L’ultima sessione, condotta anch’essa da Ponte di Pino, ha visto Ariella Beddini (autrice dei frammenti video), Alberto Benedetto e Marco Rossi (che hanno curato la produzione per il Piccolo Teatro), Graziano Piazza e Stefano Santospago (due degli interpreti) raccontare l’avventura di Infinities (2002), lo “spettacolo-utopia” di Luca Ronconi (“Il mio spettacolo ideale? Uno spettacolo infinito in un teatro in fuga”), un labirinto che faceva perdere la cognizione di tempo e spazio. È stata anche l’occasione per approfondire il caldo tema delle riprese televisive degli spettacoli teatrali: senza i video che abbiamo visto in questi giorni, molti giovani, per esempio, non avrebbero visto i capolavori di Ronconi.

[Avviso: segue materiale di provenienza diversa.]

definition gen :: "'w measure \<Rightarrow> ('w \<Rightarrow> real) set \<Rightarrow> 'w measure" where
  "gen M fs = sigma (space M) (\<Union>f\<in>fs. {f -` B \<inter> space M | B. B \<in> sets borel})"

definition actv :: "(nat \<Rightarrow> nat \<Rightarrow> 'w \<Rightarrow> bool) \<Rightarrow> nat \<Rightarrow> nat \<Rightarrow> 'w \<Rightarrow> real" where
  "actv A i t = (\<lambda>\<omega>. if A i t \<omega> then 1 else 0)"

text \<open>Generators of F^k: episodes 1..k (the states are constant and generate nothing).\<close>
definition Fgen :: "(nat \<Rightarrow> nat \<Rightarrow> 'w \<Rightarrow> bool) \<Rightarrow> (nat \<Rightarrow> nat \<Rightarrow> 'w \<Rightarrow> real) \<Rightarrow> nat \<Rightarrow> ('w \<Rightarrow> real) set" where
  "Fgen A R k = {actv A i t | i t. 1 \<le> i \<and> i \<le> k} \<union> {R i t | i t. 1 \<le> i \<and> i \<le> k \<and> 1 \<le> t}"

text \<open>F^k \<or> sigma(X^{k+1}_0, A^{k+1}_0, ..., A^{k+1}_{t-1}, X^{k+1}_t, R^{k+1}_1..R^{k+1}_t):
  the information available when A^{k+1}_t is drawn.\<close>
definition Hgen :: "(nat \<Rightarrow> nat \<Rightarrow> 'w \<Rightarrow> bool) \<Rightarrow> (nat \<Rightarrow> nat \<Rightarrow> 'w \<Rightarrow> real) \<Rightarrow> nat \<Rightarrow> nat \<Rightarrow> ('w \<Rightarrow> real) set" where
  "Hgen A R k t = Fgen A R k \<union> {actv A (Suc k) s | s. s < t} \<union> {R (Suc k) s | s. 1 \<le> s \<and> s \<le> t}"

definition Ggen :: "(nat \<Rightarrow> nat \<Rightarrow> 'w \<Rightarrow> bool) \<Rightarrow> (nat \<Rightarrow> nat \<Rightarrow> 'w \<Rightarrow> real) \<Rightarrow> nat \<Rightarrow> nat \<Rightarrow> ('w \<Rightarrow> real) set" where
  "Ggen A R k n = Fgen A R k \<union> {actv A (Suc k) s | s. s \<le> n} \<union> {R (Suc k) s | s. 1 \<le> s \<and> s \<le> n}"

definition Ginf :: "(nat \<Rightarrow> nat \<Rightarrow> 'w \<Rightarrow> bool) \<Rightarrow> (nat \<Rightarrow> nat \<Rightarrow> 'w \<Rightarrow> real) \<Rightarrow> nat \<Rightarrow> ('w \<Rightarrow> real) set" where
  "Ginf A R k = Fgen A R k \<union> {actv A (Suc k) s | s. True} \<union> {R (Suc k) s | s. 1 \<le> s}"

text \<open>M, A, R realize Algorithm 1 on the MDP above with discount gamma, initial function Q0,
  initial laws nu_k = (1 - p k) delta_{(e,0)} + p k delta_{(e,1)}, learning rates alpha and
  exploration rates eps.\<close>
definition algorithm1 ::
  "'w measure \<Rightarrow> (nat \<Rightarrow> nat \<Rightarrow> 'w \<Rightarrow> bool) \<Rightarrow> (nat \<Rightarrow> nat \<Rightarrow> 'w \<Rightarrow> real) \<Rightarrow> real
   \<Rightarrow> (bool \<Rightarrow> real) \<Rightarrow> (nat \<Rightarrow> 'w \<Rightarrow> real) \<Rightarrow> (nat \<Rightarrow> bool \<Rightarrow> 'w \<Rightarrow> real) \<Rightarrow> (nat \<Rightarrow> 'w \<Rightarrow> real) \<Rightarrow> bool"
where
  "algorithm1 M A R \<gamma> Q0 p \<alpha> eps \<longleftrightarrow>
     prob_space M
   \<and> (\<forall>i t. 1 \<le> i \<longrightarrow> A i t \<in> measurable M (count_space UNIV))
   \<and> (\<forall>i t. 1 \<le> i \<longrightarrow> R i t \<in> borel_measurable M)
   \<comment> \<open>exploration rates eps_k: F^k-measurable, values in [0,1]\<close>
   \<and> (\<forall>k. eps k \<in> borel_measurable (gen M (Fgen A R k)))
   \<and> (\<forall>k. \<forall>\<omega>\<in>space M. 0 \<le> eps k \<omega> \<and> eps k \<omega> \<le> 1)
   \<comment> \<open>initial laws nu_k: F^k-measurable probabilities on Z\<close>
   \<and> (\<forall>k. p k \<in> borel_measurable (gen M (Fgen A R k)))
   \<and> (\<forall>k. \<forall>\<omega>\<in>space M. 0 \<le> p k \<omega> \<and> p k \<omega> \<le> 1)
   \<comment> \<open>learning rates alpha_k(e,a): F^k \<or> G^{k+1}_{tau}-measurable, values in [0,1]\<close>
   \<and> (\<forall>k a. \<alpha> k a \<in> borel_measurable (gen M (Ginf A R k)))
   \<and> (\<forall>k a n. (\<lambda>\<omega>. indicator {\<omega>. hits A (Suc k) a \<omega> \<and> tau A (Suc k) a \<omega> = n} \<omega> * \<alpha> k a \<omega>)
                \<in> borel_measurable (gen M (Ggen A R k n)))
   \<and> (\<forall>k a. \<forall>\<omega>\<in>space M. 0 \<le> \<alpha> k a \<omega> \<and> \<alpha> k a \<omega> \<le> 1)
   \<comment> \<open>(X^{k+1}_0, A^{k+1}_0) ~ nu_k conditionally on F^k\<close>
   \<and> (\<forall>k b. \<forall>E\<in>sets (gen M (Fgen A R k)).
        measure M (E \<inter> {\<omega>\<in>space M. A (Suc k) 0 \<omega> = b})
          = (\<integral>\<omega>. indicator E \<omega> * (if b then p k \<omega> else 1 - p k \<omega>) \<partial>M))
   \<comment> \<open>A^{k+1}_t ~ pihat^k(X^{k+1}_t, .) conditionally on the past, t \<ge> 1\<close>
   \<and> (\<forall>k t b. 1 \<le> t \<longrightarrow> (\<forall>E\<in>sets (gen M (Hgen A R k t)).
        measure M (E \<inter> {\<omega>\<in>space M. A (Suc k) t \<omega> = b})
          = (\<integral>\<omega>. indicator E \<omega> * pihat (eps k \<omega>) (Qhat Q0 \<alpha> A R \<gamma> k \<omega>) b \<partial>M)))
   \<comment> \<open>R^{i}_{t+1} ~ S(e, A^i_t, e, .) = Dirac(rew A^i_t)\<close>
   \<and> (\<forall>i t. 1 \<le> i \<longrightarrow> (AE \<omega> in M. R i (Suc t) \<omega> = rew (A i t \<omega>)))"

A chiudere le tre giornate di studio è Giuliano Scabia, con una lettera intima, delicata e commovente indirizzata a Luca Ronconi. Tutti, alla fine, avevamo gli occhi lucidi di fronte al racconto dell’amicizia e della collaborazione di due grandi artisti.
Tre giorni densi di parole e di contenuti. Molti argomenti affrontati e molti ospiti che si sono seduti davanti alla platea. Un segno forte per una realtà come Santacristina, forse in cerca di una nuova identità e di un nuovo ruolo nel panorama dei centri di formazione italiani. Ora siamo in molti a sapere che esiste e cosa accade al suo interno. Non sarebbe male che si imponesse anche come luogo di incontro e di discussione sul futuro del spettacolo dal vivo, proprio a partire da quel passato recente che ha cambiato la storia del teatro.
Roberta Carlotto, nel congedare i partecipanti, ha lanciato l’appello per la costituzione di un “gruppo di amici di Santacristina” con l’obiettivo di incontrarsi, di tenersi aggiornati sugli sviluppi del Centro e di partecipare attivamente alla sua progettualità. Un auspicio, così come sarebbe apprezzabile la partecipazione di un pubblico non solo di intellettuali, critici e giornalisti ma anche di giovani registi e futuri attori.